» Exercise data
⁂

lemma poly_expand: "p = (\<Sum>g\<in>keys p. single g (lookup p g))"
  by (rule poly_mapping_eqI) (simp add: lookup_sum lookup_single when_def in_keys_iff)

lemma xpow_mult: "xpow a * xpow b = xpow (a + b)"
  by (simp add: mult_single)

lemma xpow_cancel: "xpow a * p = xpow a * q \<Longrightarrow> p = (q :: 'k::field_char_0 pol)"
  by (metis mult_left_cancel one_neq_zero lookup_single_eq lookup_zero)

lemma keys_xpow_mult:
  assumes "b \<in> keys (xpow d * (q :: 'k::field_char_0 pol))"
  shows "lookup d k \<le> lookup b k"
proof -
  from assms keys_mult[of "xpow d" q] obtain c where "b = d + c"
    by auto
  then show ?thesis by (simp add: lookup_add)
qed

lemma monoms_iff: "a \<in> monoms n \<longleftrightarrow> (\<forall>j\<ge>n. lookup a j = 0)"
  by (auto simp: monoms_def in_keys_iff) (metis leI less_numeral_extra(3))
lemma monoms_out: "a \<in> monoms n \<Longrightarrow> n \<le> j \<Longrightarrow> lookup a j = 0"
  by (simp add: monoms_iff)
lemma monoms_zero [simp]: "0 \<in> monoms n"
  by (simp add: monoms_def)
lemma monoms_add [simp]: "a \<in> monoms n \<Longrightarrow> b \<in> monoms n \<Longrightarrow> a + b \<in> monoms n"
  by (simp add: monoms_iff lookup_add)
lemma monoms_minus [simp]: "a \<in> monoms n \<Longrightarrow> a - b \<in> monoms n"
  by (simp add: monoms_iff lookup_minus)
lemma monoms_single [simp]: "i < n \<Longrightarrow> single i k \<in> monoms n"
  by (simp add: monoms_iff lookup_single when_def)
lemma monoms_eq: "a \<in> monoms n \<Longrightarrow> b \<in> monoms n \<Longrightarrow> (\<forall>j<n. lookup a j = lookup b j) \<Longrightarrow> a = b"
  by (rule poly_mapping_eqI) (metis leI monoms_out)
(* Every indecomposable tournament with at least $5$ vertices having at most one non-critical vertex has an odd number of vertices.
   Context: A tournament $T=(V,A)$: finite vertex set, and for all distinct $x,y$ exactly one of $(x,y),(y,x)$ is an arc; write $x\to y$ for $(x,y)\in A$. $T-x=T[V\setminus\{x\}]$ is the induced subtournament. An interval of $T$ is $I\subseteq V$ such that for every $x\in V\setminus I$, either $x\to a$ for all $a\in I$ or $a\to x$ for all $a\in I$; trivial intervals are $\varnothing$, $V$, singletons; $T$ (with $\geqslant 3$ vertices) is indecomposable if all its intervals are trivial, decomposable otherwise. A vertex $x$ of an indecomposable tournament $T$ is critical if $T-x$ is decomposable, and non-critical otherwise. *)

theory Defs
  imports Main
begin

definition tournament :: "'a set \<Rightarrow> ('a \<times> 'a) set \<Rightarrow> bool" where
  "tournament V A \<longleftrightarrow> finite V \<and> A \<subseteq> V \<times> V \<and>
     (\<forall>x\<in>V. (x, x) \<notin> A) \<and>
     (\<forall>x\<in>V. \<forall>y\<in>V. x \<noteq> y \<longrightarrow> ((x, y) \<in> A \<longleftrightarrow> (y, x) \<notin> A))"

definition induced_arcs :: "('a \<times> 'a) set \<Rightarrow> 'a set \<Rightarrow> ('a \<times> 'a) set" where
  "induced_arcs A W = A \<inter> (W \<times> W)"

definition is_interval :: "'a set \<Rightarrow> ('a \<times> 'a) set \<Rightarrow> 'a set \<Rightarrow> bool" where
  "is_interval V A I \<longleftrightarrow> I \<subseteq> V \<and>
     (\<forall>x\<in>V - I. (\<forall>a\<in>I. (x, a) \<in> A) \<or> (\<forall>a\<in>I. (a, x) \<in> A))"

definition trivial_interval :: "'a set \<Rightarrow> 'a set \<Rightarrow> bool" where
  "trivial_interval V I \<longleftrightarrow> I = {} \<or> I = V \<or> (\<exists>v. I = {v})"

definition indecomposable :: "'a set \<Rightarrow> ('a \<times> 'a) set \<Rightarrow> bool" where
  "indecomposable V A \<longleftrightarrow> card V \<ge> 3 \<and>
     (\<forall>I. is_interval V A I \<longrightarrow> trivial_interval V I)"

definition decomposable :: "'a set \<Rightarrow> ('a \<times> 'a) set \<Rightarrow> bool" where
  "decomposable V A \<longleftrightarrow> card V \<ge> 3 \<and> \<not> indecomposable V A"
(* Let $k$ be a non-negative integer, $a_0,\dots,a_k\in\mathbb{C}$, and suppose $\Lambda=\sum_{i=0}^{k}a_i(Dx)^iD$ is a lowering operator. Let $\{B_n\}_{n\ge0}$ be a monic polynomial sequence with dual sequence $\{u_n\}_{n\ge0}$. The following statements are equivalent: (a) $\{B_n\}$ is $\Lambda$-Appell, i.e. $B^{[1]}_n(x;\Lambda)=B_n(x)$ for all $n\ge0$, where $B^{[1]}_n(x;\Lambda)=(n+1)^{-1}\big(\sum_{i=0}^{k}a_i(n+1)^i\big)^{-1}(\Lambda B_{n+1})(x)$; (b) ${}^t\Lambda(u_n)=\rho_nu_{n+1}$ for all $n\ge0$, where $\rho_n=(n+1)\sum_{i=0}^{k}a_i(n+1)^i$; (c) for all $n\ge0$, $u_n=(n!)^{-1}\Big(\prod_{s=1}^{n}\sum_{i=0}^{k}a_is^i\Big)^{-1}({}^t\Lambda)^nu_0$. Here ${}^t\Lambda=\sum_{i=0}^{k}a_i(-1)^{i+1}(Dx)^iD$ acting on forms.
   Context: $\mathcal{P}$ is the space of complex polynomials, $\mathcal{P}'$ its algebraic dual, $\langle u,p\rangle$ the action of a form on a polynomial. $D$ is the derivative, $x$ multiplication by $x$, products are compositions. A lowering operator is a linear map $\mathcal{O}:\mathcal{P}\to\mathcal{P}$ with $\mathcal{O}(1)=0$ and $\deg\mathcal{O}(x^n)=n-1$, $n\ge1$. A monic polynomial sequence (MPS) is a sequence $\{B_n\}_{n\ge0}$ with $B_n$ monic of degree $n$; its dual sequence is the unique $\{u_n\}\subset\mathcal{P}'$ with $\langle u_n,B_m\rangle=\delta_{n,m}$. Transposes: $\langle {}^tT u,p\rangle=\langle u,Tp\rangle$; on forms $\langle Du,p\rangle=-\langle u,p'\rangle$ and $\langle xu,p\rangle=\langle u,xp\rangle$. *)

theory Defs
  imports "HOL-Computational_Algebra.Polynomial"
begin

definition is_form :: "(complex poly \<Rightarrow> complex) \<Rightarrow> bool" where
  "is_form u \<longleftrightarrow> (\<forall>p q. u (p + q) = u p + u q) \<and> (\<forall>c p. u (smult c p) = c * u p)"

definition Dx :: "complex poly \<Rightarrow> complex poly" where
  "Dx p = pderiv ([:0, 1:] * p)"

definition Lambda_op :: "nat \<Rightarrow> (nat \<Rightarrow> complex) \<Rightarrow> complex poly \<Rightarrow> complex poly" where
  "Lambda_op k a p = (\<Sum>i=0..k. smult (a i) ((Dx ^^ i) (pderiv p)))"

definition lowering_op :: "(complex poly \<Rightarrow> complex poly) \<Rightarrow> bool" where
  "lowering_op L \<longleftrightarrow>
     (\<forall>p q. L (p + q) = L p + L q) \<and> (\<forall>c p. L (smult c p) = smult c (L p)) \<and>
     L 1 = 0 \<and> (\<forall>n\<ge>1. L (monom 1 n) \<noteq> 0 \<and> degree (L (monom 1 n)) = n - 1)"

definition transp_op :: "(complex poly \<Rightarrow> complex poly) \<Rightarrow> (complex poly \<Rightarrow> complex) \<Rightarrow> (complex poly \<Rightarrow> complex)" where
  "transp_op T u = (\<lambda>p. u (T p))"

definition MPS :: "(nat \<Rightarrow> complex poly) \<Rightarrow> bool" where
  "MPS B \<longleftrightarrow> (\<forall>n. degree (B n) = n \<and> lead_coeff (B n) = 1)"

definition dual_seq :: "(nat \<Rightarrow> complex poly) \<Rightarrow> (nat \<Rightarrow> complex poly \<Rightarrow> complex) \<Rightarrow> bool" where
  "dual_seq B u \<longleftrightarrow> (\<forall>n. is_form (u n)) \<and> (\<forall>n m. u n (B m) = (if n = m then 1 else 0))"

definition B1 :: "nat \<Rightarrow> (nat \<Rightarrow> complex) \<Rightarrow> (nat \<Rightarrow> complex poly) \<Rightarrow> nat \<Rightarrow> complex poly" where
  "B1 k a B n = smult (inverse (of_nat (n+1)) * inverse (\<Sum>i=0..k. a i * of_nat (n+1) ^ i))
                   (Lambda_op k a (B (n+1)))"

definition rho :: "nat \<Rightarrow> (nat \<Rightarrow> complex) \<Rightarrow> nat \<Rightarrow> complex" where
  "rho k a n = of_nat (n+1) * (\<Sum>i=0..k. a i * of_nat (n+1) ^ i)"

end

theory Submission
  imports Defs
begin

text \<open>Lambda is diagonal on monomials, Lambda x^(n+1) = rho n * x^n, so the lowering
  hypothesis forces every rho n to be nonzero. For any lowering operator L, expanding a
  polynomial p in the basis B as p = sum_m <u m, p> B m shows that L B(n+1) = r n * B n for
  all n exactly when tL (u n) = r n * u (n+1) for all n. With nonzero r n this recurrence
  is solved by u n = (r 0 * ... * r (n-1))^-1 * tL^n (u 0), and
  rho 0 * ... * rho (n-1) = n! * prod_{s=1..n} sum_i a i * s^i.\<close>

lemma pderiv_monom_pred: "pderiv (monom c m) = monom (c * of_nat m) (m - 1)"
  by (cases m) (auto simp: pderiv_monom mult.commute)

lemma Dx_monom: "Dx (monom c j) = monom (c * of_nat (Suc j)) j"
proof -
  have "[:0, 1:] * monom c j = monom c (Suc j)"
    by (simp add: monom_Suc)
  then show ?thesis
    unfolding Dx_def by (simp add: pderiv_monom_pred)
qed

lemma funpow_Dx_monom: "(Dx ^^ i) (monom c j) = monom (c * of_nat (Suc j) ^ i) j"
  by (induction i) (auto simp: Dx_monom mult.assoc mult.commute)

lemma Lambda_op_monom: "Lambda_op k a (monom 1 (Suc n)) = monom (rho k a n) n"
proof -
  have "Lambda_op k a (monom 1 (Suc n)) =
        (\<Sum>i=0..k. monom (a i * (of_nat (Suc n) * of_nat (Suc n) ^ i)) n)"
    unfolding Lambda_op_def by (simp add: pderiv_monom_pred funpow_Dx_monom smult_monom)
  also have "\<dots> = monom (\<Sum>i=0..k. a i * (of_nat (Suc n) * of_nat (Suc n) ^ i)) n"
    by (simp add: monom_sum)
  also have "(\<Sum>i=0..k. a i * (of_nat (Suc n) * of_nat (Suc n) ^ i)) = rho k a n"
    unfolding rho_def by (simp add: sum_distrib_left algebra_simps)
  finally show ?thesis .
qed

lemma rho_nonzero:
  assumes "lowering_op (Lambda_op k a)"
  shows "rho k a n \<noteq> 0"
proof
  assume "rho k a n = 0"
  then have "Lambda_op k a (monom 1 (Suc n)) = 0"
    by (simp add: Lambda_op_monom)
  with assms show False
    unfolding lowering_op_def by auto
qed

lemma prod_rho: "(\<Prod>j<n. rho k a j) = fact n * (\<Prod>s=1..n. \<Sum>i=0..k. a i * of_nat s ^ i)"
  by (induction n) (simp_all add: rho_def prod.nat_ivl_Suc' fact_Suc algebra_simps)

lemma B1_eq_iff:
  assumes "rho k a n \<noteq> 0"
  shows "B1 k a B n = B n \<longleftrightarrow> Lambda_op k a (B (Suc n)) = smult (rho k a n) (B n)"
proof -
  have "B1 k a B n = smult (inverse (rho k a n)) (Lambda_op k a (B (Suc n)))"
    unfolding B1_def rho_def by (simp add: inverse_mult_distrib)
  with assms show ?thesis
    by (metis smult_smult right_inverse left_inverse smult_1_left)
qed

lemma is_form_zero: "is_form u \<Longrightarrow> u 0 = 0"
  unfolding is_form_def by (metis mult_zero_left smult_0_left)

lemma is_form_sum: "is_form u \<Longrightarrow> u (\<Sum>m\<in>A. f m) = (\<Sum>m\<in>A. u (f m))"
  by (induction A rule: infinite_finite_induct) (auto simp: is_form_zero is_form_def)

lemma is_form_smult: "is_form u \<Longrightarrow> u (smult c p) = c * u p"
  unfolding is_form_def by blast

lemma lowering_op_zero: "lowering_op L \<Longrightarrow> L 0 = 0"
  unfolding lowering_op_def by (metis smult_0_left)

lemma lowering_op_sum: "lowering_op L \<Longrightarrow> L (\<Sum>m\<in>A. f m) = (\<Sum>m\<in>A. L (f m))"
  by (induction A rule: infinite_finite_induct) (auto simp: lowering_op_zero lowering_op_def)

lemma lowering_op_smult: "lowering_op L \<Longrightarrow> L (smult c p) = smult c (L p)"
  unfolding lowering_op_def by blast

lemma degree_lowering_op_le:
  assumes "lowering_op L"
  shows "degree (L p) \<le> degree p - 1"
proof -
  have "L p = L (\<Sum>i\<le>degree p. smult (coeff p i) (monom 1 i))"
    by (simp add: smult_monom poly_as_sum_of_monoms)
  also have "\<dots> = (\<Sum>i\<le>degree p. smult (coeff p i) (L (monom 1 i)))"
    by (simp add: lowering_op_sum[OF assms] lowering_op_smult[OF assms])
  also have "degree \<dots> \<le> degree p - 1"
  proof (rule degree_sum_le)
    fix i assume "i \<in> {..degree p}"
    moreover have "degree (L (monom 1 i)) \<le> i - 1"
      using assms unfolding lowering_op_def by (cases "i = 0") (auto simp: one_pCons)
    ultimately show "degree (smult (coeff p i) (L (monom 1 i))) \<le> degree p - 1"
      using degree_smult_le[of "coeff p i" "L (monom 1 i)"] by fastforce
  qed simp
  finally show ?thesis .
qed

lemma MPS_0: "MPS B \<Longrightarrow> B 0 = 1"
  unfolding MPS_def by (metis degree_0_id one_pCons)

lemma MPS_spans:
  assumes "MPS B" "degree p \<le> N"
  shows "\<exists>c. p = (\<Sum>m\<le>N. smult (c m) (B m))"
  using assms(2)
proof (induction N arbitrary: p)
  case 0
  then have "p = smult (coeff p 0) (B 0)"
    using degree_0_id[of p] MPS_0[OF assms(1)] by simp
  then show ?case by auto
next
  case (Suc N)
  define q where "q = p - smult (coeff p (Suc N)) (B (Suc N))"
  have B: "degree (B (Suc N)) = Suc N" "coeff (B (Suc N)) (Suc N) = 1"
    using assms(1) unfolding MPS_def by metis+
  have "degree q \<le> N"
  proof (rule degree_le, intro allI impI)
    fix i assume "N < i"
    then consider "i = Suc N" | "Suc N < i" by linarith
    then show "coeff q i = 0"
      by cases (use B Suc.prems in \<open>simp_all add: q_def coeff_eq_0\<close>)
  qed
  then obtain c where "q = (\<Sum>m\<le>N. smult (c m) (B m))"
    using Suc.IH by blast
  then have "p = (\<Sum>m\<le>N. smult (c m) (B m)) + smult (coeff p (Suc N)) (B (Suc N))"
    by (simp add: q_def diff_eq_eq)
  then have "p = (\<Sum>m\<le>Suc N. smult ((c(Suc N := coeff p (Suc N))) m) (B m))"
    by simp
  then show ?case by blast
qed

lemma dual_seq_sum:
  assumes "dual_seq B u" "j \<le> N"
  shows "u j (\<Sum>m\<le>N. smult (c m) (B m)) = c j"
proof -
  have "u j (\<Sum>m\<le>N. smult (c m) (B m)) = (\<Sum>m\<le>N. c m * u j (B m))"
    using assms(1) unfolding dual_seq_def by (simp add: is_form_sum is_form_smult)
  also have "\<dots> = (\<Sum>m\<le>N. if m = j then c m else 0)"
    using assms(1) unfolding dual_seq_def by (intro sum.cong) auto
  finally show ?thesis
    using assms(2) by simp
qed

lemma MPS_dual_expansion:
  assumes "MPS B" "dual_seq B u" "degree p \<le> N"
  shows "p = (\<Sum>m\<le>N. smult (u m p) (B m))"
proof -
  obtain c where c: "p = (\<Sum>m\<le>N. smult (c m) (B m))"
    using MPS_spans[OF assms(1,3)] by blast
  then have "\<And>m. m \<le> N \<Longrightarrow> u m p = c m"
    using dual_seq_sum[OF assms(2)] by simp
  with c show ?thesis
    by (metis (no_types, lifting) atMost_iff sum.cong)
qed

lemma dual_seq_form_expansion:
  assumes "MPS B" "dual_seq B u" "is_form v"
  shows "v p = (\<Sum>m\<le>degree p. u m p * v (B m))"
  by (subst MPS_dual_expansion[OF assms(1,2) order_refl])
    (simp add: is_form_sum[OF assms(3)] is_form_smult[OF assms(3)])

lemma lowering_shift_iff_transp_shift:
  assumes L: "lowering_op L" and B: "MPS B" and u: "dual_seq B u"
  shows "(\<forall>n. L (B (Suc n)) = smult (r n) (B n)) \<longleftrightarrow>
         (\<forall>n. transp_op L (u n) = (\<lambda>p. r n * u (Suc n) p))"
proof -
  have form: "\<And>n. is_form (u n)" and ud: "\<And>n m. u n (B m) = (if n = m then 1 else 0)"
    using u unfolding dual_seq_def by auto
  show ?thesis
  proof
    assume shift: "\<forall>n. L (B (Suc n)) = smult (r n) (B n)"
    have "L (B 0) = 0"
      using L unfolding lowering_op_def MPS_0[OF B] by blast
    then have LB: "u n (L (B m)) = (if m = Suc n then r n else 0)" for n m
      by (cases m) (simp_all add: shift ud is_form_smult[OF form] is_form_zero[OF form])
    show "\<forall>n. transp_op L (u n) = (\<lambda>p. r n * u (Suc n) p)"
    proof (intro allI ext)
      fix n and p :: "complex poly"
      let ?N = "degree p"
      have "transp_op L (u n) p = (\<Sum>m\<le>?N. u m p * u n (L (B m)))"
        unfolding transp_op_def
        by (subst MPS_dual_expansion[OF B u order_refl])
          (simp add: lowering_op_sum[OF L] lowering_op_smult[OF L] is_form_sum[OF form]
            is_form_smult[OF form])
      also have "\<dots> = r n * (\<Sum>m\<le>?N. u m p * u (Suc n) (B m))"
        by (simp add: LB ud sum_distrib_left) (intro sum.cong, auto)
      also have "\<dots> = r n * u (Suc n) p"
        by (simp only: dual_seq_form_expansion[OF B u form, of "Suc n" p, symmetric])
      finally show "transp_op L (u n) p = r n * u (Suc n) p" .
    qed
  next
    assume shift: "\<forall>n. transp_op L (u n) = (\<lambda>p. r n * u (Suc n) p)"
    show "\<forall>n. L (B (Suc n)) = smult (r n) (B n)"
    proof
      fix n
      have deg: "degree (L (B (Suc n))) \<le> n"
        using degree_lowering_op_le[OF L, of "B (Suc n)"] B unfolding MPS_def by simp
      have coeff: "u m (L (B (Suc n))) = (if m = n then r n else 0)" for m
        using fun_cong[OF spec[OF shift, of m], of "B (Suc n)"] by (simp add: transp_op_def ud)
      have "L (B (Suc n)) = (\<Sum>m\<le>n. smult (u m (L (B (Suc n)))) (B m))"
        using MPS_dual_expansion[OF B u deg] .
      also have "\<dots> = (\<Sum>m\<le>n. if m = n then smult (r n) (B n) else 0)"
        by (intro sum.cong) (auto simp: coeff)
      also have "\<dots> = smult (r n) (B n)"
        by simp
      finally show "L (B (Suc n)) = smult (r n) (B n)" .
    qed
  qed
qed

lemma transp_shift_iff_closed_form:
  assumes "\<And>n. r n \<noteq> (0 :: complex)"
  shows "(\<forall>n. transp_op L (u n) = (\<lambda>p. r n * u (Suc n) p)) \<longleftrightarrow>
         (\<forall>n. u n = (\<lambda>p. inverse (\<Prod>j<n. r j) * (transp_op L ^^ n) (u 0) p))"
proof
  assume shift: "\<forall>n. transp_op L (u n) = (\<lambda>p. r n * u (Suc n) p)"
  show "\<forall>n. u n = (\<lambda>p. inverse (\<Prod>j<n. r j) * (transp_op L ^^ n) (u 0) p)"
  proof
    fix n show "u n = (\<lambda>p. inverse (\<Prod>j<n. r j) * (transp_op L ^^ n) (u 0) p)"
    proof (induction n)
      case 0
      show ?case by simp
    next
      case (Suc n)
      show ?case
      proof
        fix p :: "complex poly"
        have "r n * u (Suc n) p = u n (L p)"
          using fun_cong[OF spec[OF shift, of n], of p] by (simp add: transp_op_def)
        then have "u (Suc n) p = inverse (r n) * u n (L p)"
          using assms[of n] by (simp add: field_simps)
        then show "u (Suc n) p = inverse (\<Prod>j<Suc n. r j) * (transp_op L ^^ Suc n) (u 0) p"
          by (subst (asm) Suc.IH) (simp add: transp_op_def inverse_mult_distrib mult_ac)
      qed
    qed
  qed
next
  assume closed: "\<forall>n. u n = (\<lambda>p. inverse (\<Prod>j<n. r j) * (transp_op L ^^ n) (u 0) p)"
  show "\<forall>n. transp_op L (u n) = (\<lambda>p. r n * u (Suc n) p)"
  proof (intro allI ext)
    fix n and p :: "complex poly"
    have "r n * inverse (\<Prod>j<Suc n. r j) = inverse (\<Prod>j<n. r j)"
      using assms[of n] by (simp add: inverse_mult_distrib)
    then show "transp_op L (u n) p = r n * u (Suc n) p"
      by (subst (1 2) closed[rule_format]) (simp add: transp_op_def mult.assoc[symmetric])
  qed
qed

theorem proposition5:
  fixes k :: nat and a :: "nat \<Rightarrow> complex"
    and B :: "nat \<Rightarrow> complex poly" and u :: "nat \<Rightarrow> complex poly \<Rightarrow> complex"
  assumes "lowering_op (Lambda_op k a)"
    and "MPS B"
    and "dual_seq B u"
  shows "((\<forall>n. B1 k a B n = B n) \<longleftrightarrow>
            (\<forall>n. transp_op (Lambda_op k a) (u n) = (\<lambda>p. rho k a n * u (Suc n) p)))
       \<and> ((\<forall>n. transp_op (Lambda_op k a) (u n) = (\<lambda>p. rho k a n * u (Suc n) p)) \<longleftrightarrow>
            (\<forall>n. u n = (\<lambda>p. inverse (fact n) *
                     inverse (\<Prod>s=1..n. \<Sum>i=0..k. a i * of_nat s ^ i) *
                     ((transp_op (Lambda_op k a)) ^^ n) (u 0) p)))"
proof -
  have rho: "\<And>n. rho k a n \<noteq> 0"
    using rho_nonzero[OF assms(1)] .
  have "(\<forall>n. B1 k a B n = B n) \<longleftrightarrow>
        (\<forall>n. Lambda_op k a (B (Suc n)) = smult (rho k a n) (B n))"
    using B1_eq_iff[OF rho] by blast
  moreover note lowering_shift_iff_transp_shift[OF assms, of "rho k a"]
  moreover note transp_shift_iff_closed_form[OF rho, of "Lambda_op k a" u]
  ultimately show ?thesis
    by (simp add: prod_rho inverse_mult_distrib)
qed

end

⁂

» Exercise objective
The lines to retype, exactly and only, run from the first line of the material through the line with "by (auto simp: monoms_def".

» Output of the exercise
lemma poly_expand: "p = (\<Sum>g\<in>keys p. single g (lookup p g))"
  by (rule poly_mapping_eqI) (simp add: lookup_sum lookup_single when_def in_keys_iff)

lemma xpow_mult: "xpow a * xpow b = xpow (a + b)"
  by (simp add: mult_single)

lemma xpow_cancel: "xpow a * p = xpow a * q \<Longrightarrow> p = (q :: 'k::field_char_0 pol)"
  by (metis mult_left_cancel one_neq_zero lookup_single_eq lookup_zero)

lemma keys_xpow_mult:
  assumes "b \<in> keys (xpow d * (q :: 'k::field_char_0 pol))"
  shows "lookup d k \<le> lookup b k"
proof -
  from assms keys_mult[of "xpow d" q] obtain c where "b = d + c"
    by auto
  then show ?thesis by (simp add: lookup_add)
qed

lemma monoms_iff: "a \<in> monoms n \<longleftrightarrow> (\<forall>j\<ge>n. lookup a j = 0)"
  by (auto simp: monoms_def in_keys_iff) (metis leI less_numeral_extra(3))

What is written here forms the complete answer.